QuickCheck, the Haskell testing library, is a pretty amazing thing. The idea is that you don't specify test cases when testing your code, you specify what properties your code has. The QuickCheck library (which I'm using through the Tasty testing framework) will generate random data to check that your specified properties hold. If a test fails, it will try to reduce the generated input to a simple form and present it to you as a counterexample of the property.
There is a lot to say about this, so I'll just go over some things I liked:
1) Your test cases become a specification. Each test case declares a property of your code, and all together they give a description of what your intentions where.
2) Splitting pure and impure code is good practice, and QuickCheck certainly encourages this. You can test impure code with it too, but pure code is easier to test, its easier to generate repeatable cases for, and the examples should be easier to shrink.
I've seen a lot of Genetic Algorithm libraries mix the generation of random data and the application of that data to modify a population. There is no need to mix these two concerns, and splitting them out has definitely helped me with writing these tests.
3) You have to put some thought into what you meant when you wrote your code. I had a complex function at the heart of a Genetic Algorithm library I've been writing, and when I started writing test cases, I realized that it was not easy for me to say what properties it had. This indicates to me that I need to break it into smaller pieces that can be understood and tested separately.
This means that QuickCheck didn't just give me counter examples, it is helping me improve the overall structure of my code!

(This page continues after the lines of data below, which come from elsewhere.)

lemma AE_not_between:
  fixes Y :: "'a \<Rightarrow> real"
  assumes [measurable]: "Y \<in> borel_measurable M"
    and flat: "\<And>t. a \<le> t \<Longrightarrow> t < b \<Longrightarrow> prob {\<omega> \<in> space M. Y \<omega> > t} = prob {\<omega> \<in> space M. Y \<omega> > a}"
  shows "AE \<omega> in M. \<not> (a < Y \<omega> \<and> Y \<omega> < b)"
proof (cases "a < b")
  case True
  have AE_not_le: "AE \<omega> in M. \<not> (a < Y \<omega> \<and> Y \<omega> \<le> t)" if "a \<le> t" "t < b" for t
  proof -
    have "prob {\<omega> \<in> space M. Y \<omega> \<in> {a<..t}} = 0"
      using flat[OF that] by (subst prob_Ioc_eq_diff) (use that in auto)
    then have "AE \<omega> in M. \<omega> \<notin> {\<omega> \<in> space M. a < Y \<omega> \<and> Y \<omega> \<le> t}"
      by (subst prob_eq_0[symmetric]) auto
    then show ?thesis using AE_space by eventually_elim auto
  qed
  have "AE \<omega> in M. \<forall>n. \<not> (a < Y \<omega> \<and> Y \<omega> \<le> max a (b - 1 / Suc n))"
    by (subst AE_all_countable, intro allI AE_not_le) (use True in auto)
  then show ?thesis
  proof eventually_elim
    case (elim \<omega>)
    show ?case
    proof
      assume between: "a < Y \<omega> \<and> Y \<omega> < b"
      then obtain n where "inverse (real (Suc n)) < b - Y \<omega>"
        using reals_Archimedean[of "b - Y \<omega>"] by auto
      then have "Y \<omega> \<le> max a (b - 1 / Suc n)" by (simp add: inverse_eq_divide)
      with between elim show False by blast
    qed
  qed
qed simp

lemma stpete_rv_AE_power2:
  assumes "stpete_rv M Y"
  shows "AE \<omega> in M. \<exists>j::nat. 1 \<le> j \<and> Y \<omega> = 2 ^ j"
proof -
  have [measurable]: "Y \<in> borel_measurable M"
    and surv: "\<And>x. prob {\<omega> \<in> space M. Y \<omega> > x} = stpete_surv x"
    using assms by (auto simp: stpete_rv_def)
  have "prob {\<omega> \<in> space M. Y \<omega> > 1} = 1"
    using surv stpete_surv_dyadic[of 0 1] by simp
  then have "AE \<omega> in M. \<omega> \<in> {\<omega> \<in> space M. Y \<omega> > 1}"
    by (subst prob_eq_1[symmetric]) auto
  moreover have "AE \<omega> in M. \<forall>m::nat. \<not> (2 ^ m < Y \<omega> \<and> Y \<omega> < 2 ^ (m + 1))"
  proof (subst AE_all_countable, intro allI AE_not_between)
    fix m :: nat and t :: real
    assume "2 ^ m \<le> t" "t < 2 ^ (m + 1)"
    then show "prob {\<omega> \<in> space M. Y \<omega> > t} = prob {\<omega> \<in> space M. Y \<omega> > 2 ^ m}"
      using stpete_surv_dyadic[of m] by (simp add: surv)
  qed simp
  ultimately show ?thesis
  proof eventually_elim
    case (elim \<omega>)
    then obtain m :: nat where m: "2 ^ m \<le> Y \<omega>" "Y \<omega> < 2 ^ (m + 1)"
      using ex_dyadic_interval[of "Y \<omega>"] by auto
    moreover have "\<not> 2 ^ m < Y \<omega>" using elim m(2) by blast
    ultimately have "Y \<omega> = 2 ^ m" by linarith
    moreover have "m \<noteq> 0" using elim \<open>Y \<omega> = 2 ^ m\<close> by (cases m) auto
    ultimately show ?case by auto
  qed
qed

4) Once you get used to creating Arbitrary instances and using them to come up with test cases, it is pretty easy to specify a lot of properties. This requires a different way of thinking about testing, but it seems very effective and quite manageable.
5) Testing a complex, efficient algorithm against a simple specification can give you confidence in your code. Being able to generate hundreds of random cases and comparing the results seems like the perfect test.

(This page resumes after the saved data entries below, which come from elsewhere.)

(* The convolution $(g_1\ast g_2)(A)=\min_{B\subseteq A}\,[g_1(B)+g_2(A\setminus B)]$ of two submodular functions $g_1,g_2$ is not in general submodular. In particular, there exist a directed graph $\mathcal{G}=(\mathcal{V},\mathcal{E})$ and a normalized monotone nondecreasing submodular $f:2^{\mathcal{E}}\to\mathbb{R}_+$ such that, with $\mathrm{cap}^{\mathrm{out}}(A)=\sum_{v\in\mathcal{V}}f(A\cap\delta^+(v))$ and $\mathrm{cap}^{\mathrm{in}}(A)=\sum_{v\in\mathcal{V}}f(A\cap\delta^-(v))$, the function $h=\mathrm{cap}^{\mathrm{out}}\ast\mathrm{cap}^{\mathrm{in}}$ (the cut cost function of the dual of the corresponding polymatroidal maximum flow) is not submodular.
   Context: $\delta^+(v)$ and $\delta^-(v)$ denote the sets of edges leaving and entering node $v$. A set function $g$ on $2^{\mathcal{E}}$ is submodular if $g(A)+g(B)\ge g(A\cup B)+g(A\cap B)$ for all $A,B\subseteq\mathcal{E}$. *)

theory Defs
  imports Main "Graph_Theory.Digraph"
begin

definition submodular_on :: "'e set \<Rightarrow> ('e set \<Rightarrow> real) \<Rightarrow> bool" where
  "submodular_on E g \<longleftrightarrow>
     (\<forall>A B. A \<subseteq> E \<longrightarrow> B \<subseteq> E \<longrightarrow> g A + g B \<ge> g (A \<union> B) + g (A \<inter> B))"

definition monotone_on_subsets :: "'e set \<Rightarrow> ('e set \<Rightarrow> real) \<Rightarrow> bool" where
  "monotone_on_subsets E g \<longleftrightarrow> (\<forall>A B. A \<subseteq> B \<longrightarrow> B \<subseteq> E \<longrightarrow> g A \<le> g B)"

definition convolution :: "('e set \<Rightarrow> real) \<Rightarrow> ('e set \<Rightarrow> real) \<Rightarrow> 'e set \<Rightarrow> real" where
  "convolution g1 g2 A = Min ((\<lambda>B. g1 B + g2 (A - B)) ` Pow A)"

definition cap_out :: "('v, 'e) pre_digraph \<Rightarrow> ('e set \<Rightarrow> real) \<Rightarrow> 'e set \<Rightarrow> real" where
  "cap_out G f A = (\<Sum>v\<in>verts G. f (A \<inter> out_arcs G v))"

definition cap_in :: "('v, 'e) pre_digraph \<Rightarrow> ('e set \<Rightarrow> real) \<Rightarrow> 'e set \<Rightarrow> real" where
  "cap_in G f A = (\<Sum>v\<in>verts G. f (A \<inter> in_arcs G v))"

end

theory Submission
  imports Defs
begin

text \<open>Take f to be the rank function of the uniform matroid of rank one (1 on nonempty sets) on
  the digraph with arcs e0: 0\<rightarrow>1, e1: 0\<rightarrow>2, e2: 1\<rightarrow>2. The arcs e0, e1 share a tail and e1, e2 share
  a head, so h({e0,e1}) = h({e1,e2}) = 1 by charging everything to one out-star resp. one in-star,
  and h({e1}) = 1. But e0 and e2 share neither tail nor head, so every split of {e0,e1,e2} between
  the out-stars and the in-stars pays for two stars. Hence
  h({e0,e1,e2}) + h({e1}) = 3 > 2 = h({e0,e1}) + h({e1,e2}).\<close>

lemma convolution_le:
  assumes "finite A" "B \<subseteq> A"
  shows "convolution g1 g2 A \<le> g1 B + g2 (A - B)"
  unfolding convolution_def using assms by (intro Min_le) auto

lemma convolution_ge:
  assumes "finite A" "\<And>B. B \<subseteq> A \<Longrightarrow> c \<le> g1 B + g2 (A - B)"
  shows "c \<le> convolution g1 g2 A"
  unfolding convolution_def using assms by (subst Min_ge_iff) auto

definition rank_one :: "'a set \<Rightarrow> real" where
  "rank_one A = (if A = {} then 0 else 1)"

lemma submodular_on_rank_one: "submodular_on E rank_one"
  unfolding submodular_on_def rank_one_def by auto

lemma monotone_on_subsets_rank_one: "monotone_on_subsets E rank_one"
  unfolding monotone_on_subsets_def rank_one_def by auto

definition triangle :: "(nat, nat) pre_digraph" where
  "triangle = \<lparr>verts = {0,1,2}, arcs = {0,1,2}, tail = (\<lambda>e. if e = 2 then 1 else 0),
               head = (\<lambda>e. if e = 0 then 1 else 2)\<rparr>"

lemma fin_digraph_triangle: "fin_digraph triangle"
  unfolding fin_digraph_def fin_digraph_axioms_def wf_digraph_def triangle_def by auto

lemma arcs_triangle: "arcs triangle = {0,1,2}"
  by (simp add: triangle_def)

lemma cap_out_triangle: "cap_out triangle rank_one A = rank_one (A \<inter> {0,1}) + rank_one (A \<inter> {2})"
proof -
  have "out_arcs triangle 0 = {0,1}" "out_arcs triangle 1 = {2}" "out_arcs triangle 2 = {}"
    by (auto simp: triangle_def out_arcs_def)
  then show ?thesis
    by (simp add: cap_out_def triangle_def rank_one_def)
qed

lemma cap_in_triangle: "cap_in triangle rank_one A = rank_one (A \<inter> {0}) + rank_one (A \<inter> {1,2})"
proof -
  have "in_arcs triangle 0 = {}" "in_arcs triangle 1 = {0}" "in_arcs triangle 2 = {1,2}"
    by (auto simp: triangle_def in_arcs_def)
  then show ?thesis
    by (simp add: cap_in_def triangle_def rank_one_def)
qed

abbreviation cut_cost :: "nat set \<Rightarrow> real" where
  "cut_cost \<equiv> convolution (cap_out triangle rank_one) (cap_in triangle rank_one)"

lemma cut_cost_tail_pair: "cut_cost {0,1} \<le> 1"
proof -
  have "cut_cost {0,1} \<le> cap_out triangle rank_one {0,1} + cap_in triangle rank_one {}"
    using convolution_le[of "{0,1::nat}" "{0,1}"] by simp
  then show ?thesis
    by (simp add: cap_out_triangle cap_in_triangle rank_one_def)
qed

lemma cut_cost_head_pair: "cut_cost {1,2} \<le> 1"
proof -
  have "cut_cost {1,2} \<le> cap_out triangle rank_one {} + cap_in triangle rank_one {1,2}"
    using convolution_le[of "{1,2::nat}" "{}"] by simp
  then show ?thesis
    by (simp add: cap_out_triangle cap_in_triangle rank_one_def)
qed

lemma cut_cost_all: "2 \<le> cut_cost {0,1,2}"
  by (rule convolution_ge) (auto simp: cap_out_triangle cap_in_triangle rank_one_def subset_insert_iff)

lemma cut_cost_middle: "1 \<le> cut_cost {1}"
  by (rule convolution_ge) (auto simp: cap_out_triangle cap_in_triangle rank_one_def subset_singleton_iff)

lemma not_submodular_cut_cost: "\<not> submodular_on (arcs triangle) cut_cost"
proof
  assume "submodular_on (arcs triangle) cut_cost"
  then have "cut_cost ({0,1} \<union> {1,2}) + cut_cost ({0,1} \<inter> {1,2}) \<le> cut_cost {0,1} + cut_cost {1,2}"
    unfolding submodular_on_def arcs_triangle by (metis insert_mono subset_insertI subset_insertI2)
  moreover have "{0,1} \<union> {1,2} = {0,1,2::nat}" "{0,1} \<inter> {1,2} = {1::nat}"
    by auto
  ultimately show False
    using cut_cost_tail_pair cut_cost_head_pair cut_cost_all cut_cost_middle by simp
qed

theorem proposition2:
  shows "\<exists>(G :: (nat, nat) pre_digraph) (f :: nat set \<Rightarrow> real).
           fin_digraph G \<and>
           f {} = 0 \<and>
           (\<forall>A. A \<subseteq> arcs G \<longrightarrow> f A \<ge> 0) \<and>
           monotone_on_subsets (arcs G) f \<and>
           submodular_on (arcs G) f \<and>
           \<not> submodular_on (arcs G) (convolution (cap_out G f) (cap_in G f))"
  using fin_digraph_triangle monotone_on_subsets_rank_one submodular_on_rank_one
    not_submodular_cut_cost
  by (intro exI[of _ triangle] exI[of _ rank_one]) (auto simp: rank_one_def)

end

I'm using an implementation of Point Mutation that is much more efficient then the usual implementation seen in nearly all Genetic Algorithm libraries, and I'm going to be very interested to test its correctness against the naive definition.
I would bet there is some way to even take performance data and cause a test to fail if the "efficient" implementation is slower (within a certain margin) then the simple one. This would be one nice way to regression test your efficiency concerns.
6) For random algorithms, there are stories of incorrect implementations giving bad research data. There are a lot of properties of a Genetic Algorithm that could be specified in this way to ensure that the implementation does contain certain types of mistakes.
For example- mutation increases diversity (usually), selection reduces diversity, elitism maintains the best k individuals, a Genetic Algorithm out-performs another algorithm (say, a hill-climber) on a particular problem, a mutation rate of 0.5 (50%) on a bitdata individual mutates approximately 50% of its bits, etc. These tests can fail a certain number of times, but must hold if enough random tests are performed.
I can see why the Haskell community loves this technique so much. I've not looked into its cousins (SmallCheck and SmartCheck) but I fully expect that they are just are effective.
I recommend this technique very much. There are ports of this concept to quite a few languages, so there are no excuses.